I agree with ya to a point about hunting in this heat.. but I already took off work, and it's the hutton unit during the rut... I'll brave the heat, rain and skeeters for this.


----------



## Outside9 (Apr 30, 2008)

I'm hunting in this stuff also, been in the stand since before daylight. 

Already saw my regular 4 point feeding around me but nothing else.

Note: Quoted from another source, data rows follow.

lemma igauss_density_factor:
  assumes m: "m > 0" and x: "x > 0"
  shows "igauss_density m l x = sqrt l / sqrt (2 * pi) * exp (l / m) *
           (x powr (-(1/2)-1) * exp (-(l/2) / x)) * exp (-(l / (2 * m^2)) * x)"
proof -
  have "x powr (1 + 1/2) = x * sqrt x"
    using x by (simp only: powr_add powr_one powr_half_sqrt less_imp_le)
  then have "x powr (-(1/2)-1) = 1 / (x * sqrt x)"
    by (simp add: powr_minus_divide)
  moreover have "- l * (x - m)^2 / (2 * m^2 * x) = l / m + -(l/2) / x + -(l / (2 * m^2)) * x"
    using m x by (simp add: field_simps power2_eq_square)
  then have "exp (- l * (x - m)^2 / (2 * m^2 * x))
      = exp (l / m) * exp (-(l/2) / x) * exp (-(l / (2 * m^2)) * x)"
    by (simp only: exp_add)
  ultimately show ?thesis
    unfolding igauss_density_eq[OF x] by simp
qed

lemma igauss_density_moment_finite:
  assumes m: "m > 0" and l: "l > 0" and r: "r \<ge> 0" and \<kappa>: "\<kappa> \<le> l / (2 * m^2)"
  shows "(\<integral>\<^sup>+x. ennreal (x powr (-r) * exp (\<kappa> * x) * igauss_density m l x) \<partial>lborel) < \<infinity>"
proof (rule nn_integral_finite_if_le_inverse_gamma_kernel[of "r + 1/2" "l/2" "sqrt l / sqrt (2 * pi) * exp (l / m)"])
  fix x :: real
  assume x: "x > 0"
  have powr: "x powr (-(r + 1/2) - 1) = x powr (-r) * x powr (-(1/2)-1)"
    by (subst powr_add[symmetric]) (simp add: algebra_simps)
  have exp: "exp ((\<kappa> - l / (2 * m^2)) * x) = exp (\<kappa> * x) * exp (-(l / (2 * m^2)) * x)"
    by (simp add: left_diff_distrib flip: exp_add)
  have "x powr (-r) * exp (\<kappa> * x) * igauss_density m l x
      = sqrt l / sqrt (2 * pi) * exp (l / m) * (x powr (-(r + 1/2) - 1) * exp (-(l/2) / x)) *
        exp ((\<kappa> - l / (2 * m^2)) * x)"
    unfolding igauss_density_factor[OF m x] powr exp by (simp only: mult_ac)
  also have "\<dots> \<le> sqrt l / sqrt (2 * pi) * exp (l / m) * (x powr (-(r + 1/2) - 1) * exp (-(l/2) / x))"
    using x \<kappa> l by (intro mult_left_le) (auto simp: mult_le_0_iff)
  finally show "x powr (-r) * exp (\<kappa> * x) * igauss_density m l x
      \<le> sqrt l / sqrt (2 * pi) * exp (l / m) * (x powr (-(r + 1/2) - 1) * exp (-(l/2) / x))" .
qed (use l r in \<open>simp_all add: igauss_density_def\<close>)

Sent from my XT1585 using Tapatalk


----------



## John B. (Oct 2, 2007)

I've drawn blood about 8 times... on skeeters. That's the only thing moving round here...


----------



## 192 (Oct 1, 2007)

Come on John, you can do it. I am sitting here at the house coughing, hacking and sneezing. Give me a reason to take another shot of NyQuil.


----------



## John B. (Oct 2, 2007)

grouper22 said:


> Come on John, you can do it. I am sitting here at the house coughing, hacking and sneezing. Give me a reason to take another shot of NyQuil.


Nyquil... shit. Probably be better off taking a shot of Makers mark...


----------



## delta dooler (Mar 6, 2008)

Make something bleed today!! I don't care if it's a coyote!!


----------



## John B. (Oct 2, 2007)

delta dooler said:


> Make something bleed today!! I don't care if it's a coyote!!


If a coyote ran out in front of me right now, I'd dump all 5 out of this BAR and throw my rifle from the tree... these skeeters are ruthless.


----------



## DLo (Oct 2, 2007)

A double shot of whisky, a half cup of lemon juice, and sweeten with honey to taste, warm for about 30 seconds in the microwave. This, with a shot of Afrin to open your sinuses, then enjoy your nap.


----------



## MrFish (Aug 21, 2009)

Quit hanging out at strip bars and you won't get the funk to begin with.


----------



## 192 (Oct 1, 2007)

MrFish said:


> Quit hanging out at strip bars and you won't get the funk to begin with.


Hell I haven't been in one of those shit holes in years. I mean with porn hub, why bother?


----------



## Outside9 (Apr 30, 2008)

I think the deer hunting gods are punishing me for passing up too many does this season. 

I have a 5 point running around my place I originally said I wouldn't shoot. However, I'm not so sure now.

Sent from my XT1585 using Tapatalk


----------



## John B. (Oct 2, 2007)

Outside9 said:


> I think the deer hunting gods are punishing me for passing up too many does this season.
> 
> I have a 5 point running around my place I originally said I wouldn't shoot. However, I'm not so sure now.
> 
> Sent from my XT1585 using Tapatalk


Let a 5 point walk by me...

I'm down. 0 for me. Kenny saw a spike.

What's for lunch?


----------



## Outside9 (Apr 30, 2008)

Reckon the rain will hold off hot an afternoon hunt?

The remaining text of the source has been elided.